特別優遇措置では現在の優遇措置に加え、電力や水消費の少ない機器の使用、データセンターに対する再生可能エネルギー(RE)の提供などの便宜を図る。
アンワル首相は投稿で「AIデータセンターへの投資誘致に政府全体で取り組むことを強調した」とした。投資はデジタル化の加速という政府目標の達成に役立ち、高所得経済への移行にも貢献するという。

AIデータセンターは、生成AIの開発や、そのほかのAI関連事業に活用される。
(ニュー・ストレーツ・タイムズ電子版、フリー・マレーシア・トゥデー、エッジ、6月11日)

米MKSインスツルメンツ、ペナンに半導体製造工場を建設へ

【クアラルンプール】 半導体製造装置メーカーの米MKSインスツルメンツは11日、ペナン州にウエハー製造装置工場を設立すると発表した。2025年初頭に起工し、3期に分け建設を行う。

MKSは半導体製造、エレクトロニクス、パッケージング、特殊産業用に基盤技術ソリューションを提供している。

同社のジョン・T・C・リー社長兼最高経営責任者(CEO)は声明で、顧客企業やサプライヤーが集積しており、強固な技術インフラを有するペナンは半導体エコシステムの本拠地だとし、半導体製造装置分野におけるリーダーとしての地位強化を目指すMKSは、マレーシアでの事業拡大を重視していると述べた。

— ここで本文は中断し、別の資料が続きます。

lemma coefficient_stability_at_time:
  assumes sol1: "is_solution l T a1 u0 f u1" and sol2: "is_solution l T a2 u0 f u2"
    and t0: "t0 \<in> {0<..T}" and l: "0 < l" and a2: "0 < a2" "a2 \<le> A" and \<mu>: "0 < \<mu>"
    and energy: "\<mu> \<le> (LINT x:{0<..<l}|lborel. x * (dx u1 x t0)\<^sup>2)"
  shows "\<bar>a2 - a1\<bar> \<le> sqrt ((2 * l + 2 * A\<^sup>2) / \<mu>) * sqrt (LINT x:{0<..<l}|lborel.
           (dt T u1 x t0 - dt T u2 x t0)\<^sup>2 + x * (dx u2 x t0 - dx u1 x t0)\<^sup>2)"
proof (rule abs_diff_le_sqrt_of_sq_mult_le[OF \<mu>])
  define g where "g x = dt T u1 x t0 - dt T u2 x t0" for x
  define \<delta> where "\<delta> x = dx u2 x t0 - dx u1 x t0" for x
  define J where "J = integral {0<..<l} (\<lambda>x. (g x)\<^sup>2)"
  define V where "V = integral {0<..<l} (\<lambda>x. x * (\<delta> x)\<^sup>2)"
  note int_g = set_integrable_dt_diff_sq[OF sol1 sol2 t0, folded g_def]
  note int_\<delta> = set_integrable_weighted_dx_diff_sq[OF sol1 sol2 t0, folded \<delta>_def]
  have int_dx1: "set_integrable lborel {0<..<l} (\<lambda>x. x * (dx u1 x t0)\<^sup>2)"
    using sol1 t0 by (auto simp: is_solution_def)
  have J: "0 \<le> J" and V: "0 \<le> V"
    using int_g int_\<delta> unfolding J_def V_def
    by (auto simp: set_borel_integral_eq_integral intro!: integral_nonneg)
  have flux_bound: "(a1 * x * dx u1 x t0 - a2 * x * dx u2 x t0)\<^sup>2 \<le> x * J" if "x \<in> {0<..<l}" for x
    using sq_le_integral_deriv_sq[OF flux_difference_has_derivative[OF sol1 sol2 t0, folded g_def]
        flux_difference_tendsto_zero[OF sol1 sol2 t0] set_borel_integral_eq_integral(1)[OF int_g] that]
    unfolding J_def by (simp add: algebra_simps)
  have "(a1 - a2)\<^sup>2 * \<mu> \<le> (a1 - a2)\<^sup>2 * (LINT x:{0<..<l}|lborel. x * (dx u1 x t0)\<^sup>2)"
    using energy by (rule mult_left_mono) simp
  also have "\<dots> \<le> 2 * l * J + 2 * a2\<^sup>2 * V"
    unfolding V_def \<delta>_def set_borel_integral_eq_integral(2)[OF int_dx1]
    by (rule weighted_coefficient_gap_le[OF l set_borel_integral_eq_integral(1)[OF int_dx1]
          set_borel_integral_eq_integral(1)[OF int_\<delta>, unfolded \<delta>_def] flux_bound])
  also have "\<dots> \<le> (2 * l + 2 * A\<^sup>2) * (J + V)"
  proof -
    have "a2\<^sup>2 * V \<le> A\<^sup>2 * V"
      using a2 V by (intro mult_right_mono power_mono) auto
    moreover have "0 \<le> l * V" and "0 \<le> A\<^sup>2 * J"
      using l J V by simp_all
    ultimately show ?thesis
      unfolding ring_distribs by linarith
  qed
  also have "J + V = (LINT x:{0<..<l}|lborel. (dt T u1 x t0 - dt T u2 x t0)\<^sup>2 + x * (dx u2 x t0 - dx u1 x t0)\<^sup>2)"
    using int_g int_\<delta> unfolding J_def V_def g_def \<delta>_def
    by (simp add: set_borel_integral_eq_integral integral_add)
  finally show "(a1 - a2)\<^sup>2 * \<mu> \<le> (2 * l + 2 * A\<^sup>2) * (LINT x:{0<..<l}|lborel.
      (dt T u1 x t0 - dt T u2 x t0)\<^sup>2 + x * (dx u2 x t0 - dx u1 x t0)\<^sup>2)" .
qed

theorem theorem3p1:
  fixes l a_lo a_hi \<mu> :: real
  assumes "l > 0" and "0 < a_lo" and "a_lo \<le> a_hi" and "\<mu> > 0"
  shows "\<exists>C>0. \<forall>(T::real) (a1::real) (a2::real) (u0::real\<Rightarrow>real) (f::real\<Rightarrow>real\<Rightarrow>real)
            (u1::real\<Rightarrow>real\<Rightarrow>real) (u2::real\<Rightarrow>real\<Rightarrow>real) (t0::real).
     T > 0 \<and> a_lo \<le> a1 \<and> a1 \<le> a_hi \<and> a_lo \<le> a2 \<and> a2 \<le> a_hi \<and>
     u0 \<in> borel_measurable lborel \<and> set_integrable lborel {0<..<l} (\<lambda>x. (u0 x)\<^sup>2) \<and>
     \<not> (AE x in lborel. x \<in> {0<..<l} \<longrightarrow> u0 x = 0) \<and>
     (\<lambda>(x,t). f x t) \<in> borel_measurable lborel \<and>
     set_integrable lborel ({0<..<l} \<times> {0<..<T}) (\<lambda>(x,t). (f x t)\<^sup>2) \<and>
     is_solution l T a1 u0 f u1 \<and> is_solution l T a2 u0 f u2 \<and>
     t0 \<in> {0<..T} \<and>
     (LINT x:{0<..<l}|lborel. x * (dx u1 x t0)\<^sup>2) \<ge> \<mu> \<and>
     (LINT x:{0<..<l}|lborel. x * (dx u2 x t0)\<^sup>2) \<ge> \<mu>
     \<longrightarrow> \<bar>a2 - a1\<bar> \<le> C * sqrt (LINT x:{0<..<l}|lborel.
              (dt T u1 x t0 - dt T u2 x t0)\<^sup>2 + x * (dx u2 x t0 - dx u1 x t0)\<^sup>2)"
proof (intro exI[of _ "sqrt ((2 * l + 2 * a_hi\<^sup>2) / \<mu>)"] conjI allI impI)
  show "0 < sqrt ((2 * l + 2 * a_hi\<^sup>2) / \<mu>)"
    using assms by (simp add: add_pos_nonneg)
qed (use assms in \<open>auto intro!: coefficient_stability_at_time\<close>)

end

ペナン州のチョウ・コンヨウ首相は、ペナン州は産業エコシステムが発達しており、次世代技術や成長戦略における産業界のニーズをサポートする能力を備えていると強調。MKSのペナンにおける半導体製造装置生産は、「より多くの高価値の雇用機会を創出し、世界の半導体バリューチェーンを向上させる」という州の目標にも合致していると述べた。
(マレーシアン・リザーブ、ザ・スター電子版、ニュー・ストレーツ・タイムズ電子版、ベルナマ通信、6月11日)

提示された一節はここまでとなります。